(* Let $F\in\mathcal K$. Then there exists a sequence of bounded measurable functions $h_k:\Omega_\ell\to\mathbb R$ such that $\mathbb E\big[|h_k(S_z\eta)-h_k(\eta)-F(\eta,z)|\big]\to0$ as $k\to\infty$, for all $z_{1,\ell}\in\mathcal R^\ell$ and $z\in\mathcal R$, where $\eta=(\omega,z_{1,\ell})$ and the expectation is over $\omega$.
   Context: Fix $d$, a finite $\mathcal R\subset\mathbb Z^d$ generating $\mathbb Z^d$ as an additive group, and $(\Omega,\mathfrak S,\mathbb P)$ with measurable commuting bijections $T_x$ ($x\in\mathbb Z^d$), $T_{x+y}=T_xT_y$, $T_0=\mathrm{id}$, $\mathbb P$ invariant and ergodic; $\mathbb E$ expectation. Fix $\ell\ge0$; $\Omega_\ell=\Omega\times\mathcal R^\ell$, $\eta=(\omega,z_{1,\ell})$, $z_{i,j}=(z_i,\dots,z_j)$; $S_z(\omega,z_{1,\ell})=(T_{z_1}\omega,(z_{2,\ell},z))$ ($S_z\omega=T_z\omega$ if $\ell=0$). Class $\mathcal K$: measurable $F:\Omega_\ell\times\mathcal R\to\mathbb R$ with (i) $F(\cdot,z_{1,\ell},z)\in L^1(\mathbb P)$ for all $z_{1,\ell},z$; (ii) for all $n\ge\ell$ and $a_{1,n}\in\mathcal R^n$, with $\eta_0=(\omega,a_{n-\ell+1,n})$, $\eta_i=S_{a_i}\eta_{i-1}$: $\mathbb E\sum_{i=0}^{n-1}F(\eta_i,a_{i+1})=0$; (iii) for a.e. $\omega$ and any two step sequences $a_{1,n},\bar a_{1,m}$ from $\eta_0=\bar\eta_0=(\omega,z_{1,\ell})$ with $\eta_n=\bar\eta_m$: $\sum_{i<n}F(\eta_i,a_{i+1})=\sum_{j<m}F(\bar\eta_j,\bar a_{j+1})$. *)

theory Defs
  imports "HOL-Probability.Probability"
begin

inductive_set zgen :: "('b::ab_group_add) set \<Rightarrow> 'b set" for R where
  zgen_zero: "0 \<in> zgen R"
| zgen_add: "x \<in> zgen R \<Longrightarrow> r \<in> R \<Longrightarrow> x + r \<in> zgen R"
| zgen_diff: "x \<in> zgen R \<Longrightarrow> r \<in> R \<Longrightarrow> x - r \<in> zgen R"

definition Sshift :: "('b \<Rightarrow> 'a \<Rightarrow> 'a) \<Rightarrow> 'b \<Rightarrow> 'a \<times> 'b list \<Rightarrow> 'a \<times> 'b list" where
  "Sshift T z \<eta> = (case snd \<eta> of
      [] \<Rightarrow> (T z (fst \<eta>), [])
    | (z1 # zs) \<Rightarrow> (T z1 (fst \<eta>), zs @ [z]))"

definition traj :: "('b \<Rightarrow> 'a \<Rightarrow> 'a) \<Rightarrow> 'a \<times> 'b list \<Rightarrow> 'b list \<Rightarrow> nat \<Rightarrow> 'a \<times> 'b list" where
  "traj T \<eta>0 as i = fold (Sshift T) (take i as) \<eta>0"

definition pathsum :: "('b \<Rightarrow> 'a \<Rightarrow> 'a) \<Rightarrow> ('a \<Rightarrow> 'b list \<Rightarrow> 'b \<Rightarrow> real)
    \<Rightarrow> 'a \<times> 'b list \<Rightarrow> 'b list \<Rightarrow> real" where
  "pathsum T F \<eta>0 as = (\<Sum>i<length as. F (fst (traj T \<eta>0 as i)) (snd (traj T \<eta>0 as i)) (as ! i))"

------------------------------------------------

## Aim of the exercise
From the material above, copy out every line bearing the string "zgen".

## Answer to this exercise
inductive_set zgen :: "('b::ab_group_add) set \<Rightarrow> 'b set" for R where
  zgen_zero: "0 \<in> zgen R"
| zgen_add: "x \<in> zgen R \<Longrightarrow> r \<in> R \<Longrightarrow> x + r \<in> zgen R"
| zgen_diff: "x \<in> zgen R \<Longrightarrow> r \<in> R \<Longrightarrow> x - r \<in> zgen R"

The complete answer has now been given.